How to complete this task: Restate the records below word for word.

Collected data entries:
== Segment start ==

lemma platform_quad_cong:
  "(\<And>j. j \<in> {4,5,6} \<Longrightarrow> K' j = K'' j) \<Longrightarrow> platform_quad \<alpha> \<beta> K K' = platform_quad \<alpha> \<beta> K K''"
  unfolding platform_quad_def by simp

(* Project k_4, k_5, k_6 onto the line and translate by the mean residual: the points stay
   collinear and the errors now sum to zero. *)
lemma exists_collinear_platform_quad_le_infdist:
  assumes "\<alpha> \<ge> 0"
  shows "\<exists>K'. C_P K' = 0 \<and>
           platform_quad \<alpha> \<beta> K K' \<le> \<alpha> * (\<Sum>j\<in>{4,5,6}. (infdist (K j) (line c u))\<^sup>2)"
proof -
  define r where "r j = K j - line_proj c u (K j)" for j
  define m where "m = (1 / real (card {4,5,6::nat})) *\<^sub>R (\<Sum>j\<in>{4,5,6}. r j)"
  define K' where "K' j = line_proj c u (K j) + m" for j
  have "K' j \<in> line (c + m) u" for j
  proof -
    have "K' j = (c + m) + ((K j - c) \<bullet> u / (u \<bullet> u)) *\<^sub>R u"
      by (simp add: K'_def line_proj_def algebra_simps)
    then show ?thesis unfolding mem_line by blast
  qed
  then have "C_P K' = 0"
    unfolding C_P_eq_0_iff_collinear by (intro subset_line_collinear) blast
  have err: "K j - K' j = r j - m" for j
    by (simp add: K'_def r_def algebra_simps)
  have "platform_quad \<alpha> \<beta> K K' = \<alpha> * (\<Sum>j\<in>{4,5,6}. (norm (r j - m))\<^sup>2)"
    using sum_diff_mean_eq_0[of "{4,5,6::nat}" r] by (simp add: platform_quad_def err m_def)
  also have "\<dots> \<le> \<alpha> * (\<Sum>j\<in>{4,5,6}. (norm (r j))\<^sup>2)"
    using sum_norm_diff_mean_le[of "{4,5,6::nat}" r] assms
    by (intro mult_left_mono) (simp_all add: m_def)
  also have "\<dots> = \<alpha> * (\<Sum>j\<in>{4,5,6}. (infdist (K j) (line c u))\<^sup>2)"
    by (simp add: r_def infdist_line dist_norm)
  finally show ?thesis using \<open>C_P K' = 0\<close> by blast
qed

== Segment end ==

Exercise result:
lemma platform_quad_cong:
  "(\<And>j. j \<in> {4,5,6} \<Longrightarrow> K' j = K'' j) \<Longrightarrow> platform_quad \<alpha> \<beta> K K' = platform_quad \<alpha> \<beta> K K''"
  unfolding platform_quad_def by simp

(* Project k_4, k_5, k_6 onto the line and translate by the mean residual: the points stay
   collinear and the errors now sum to zero. *)
lemma exists_collinear_platform_quad_le_infdist:
  assumes "\<alpha> \<ge> 0"
  shows "\<exists>K'. C_P K' = 0 \<and>
           platform_quad \<alpha> \<beta> K K' \<le> \<alpha> * (\<Sum>j\<in>{4,5,6}. (infdist (K j) (line c u))\<^sup>2)"
proof -
  define r where "r j = K j - line_proj c u (K j)" for j
  define m where "m = (1 / real (card {4,5,6::nat})) *\<^sub>R (\<Sum>j\<in>{4,5,6}. r j)"
  define K' where "K' j = line_proj c u (K j) + m" for j
  have "K' j \<in> line (c + m) u" for j
  proof -
    have "K' j = (c + m) + ((K j - c) \<bullet> u / (u \<bullet> u)) *\<^sub>R u"
      by (simp add: K'_def line_proj_def algebra_simps)
    then show ?thesis unfolding mem_line by blast
  qed
  then have "C_P K' = 0"
    unfolding C_P_eq_0_iff_collinear by (intro subset_line_collinear) blast
  have err: "K j - K' j = r j - m" for j
    by (simp add: K'_def r_def algebra_simps)
  have "platform_quad \<alpha> \<beta> K K' = \<alpha> * (\<Sum>j\<in>{4,5,6}. (norm (r j - m))\<^sup>2)"
    using sum_diff_mean_eq_0[of "{4,5,6::nat}" r] by (simp add: platform_quad_def err m_def)
  also have "\<dots> \<le> \<alpha> * (\<Sum>j\<in>{4,5,6}. (norm (r j))\<^sup>2)"
    using sum_norm_diff_mean_le[of "{4,5,6::nat}" r] assms
    by (intro mult_left_mono) (simp_all add: m_def)
  also have "\<dots> = \<alpha> * (\<Sum>j\<in>{4,5,6}. (infdist (K j) (line c u))\<^sup>2)"
    by (simp add: r_def infdist_line dist_norm)
  finally show ?thesis using \<open>C_P K' = 0\<close> by blast
qed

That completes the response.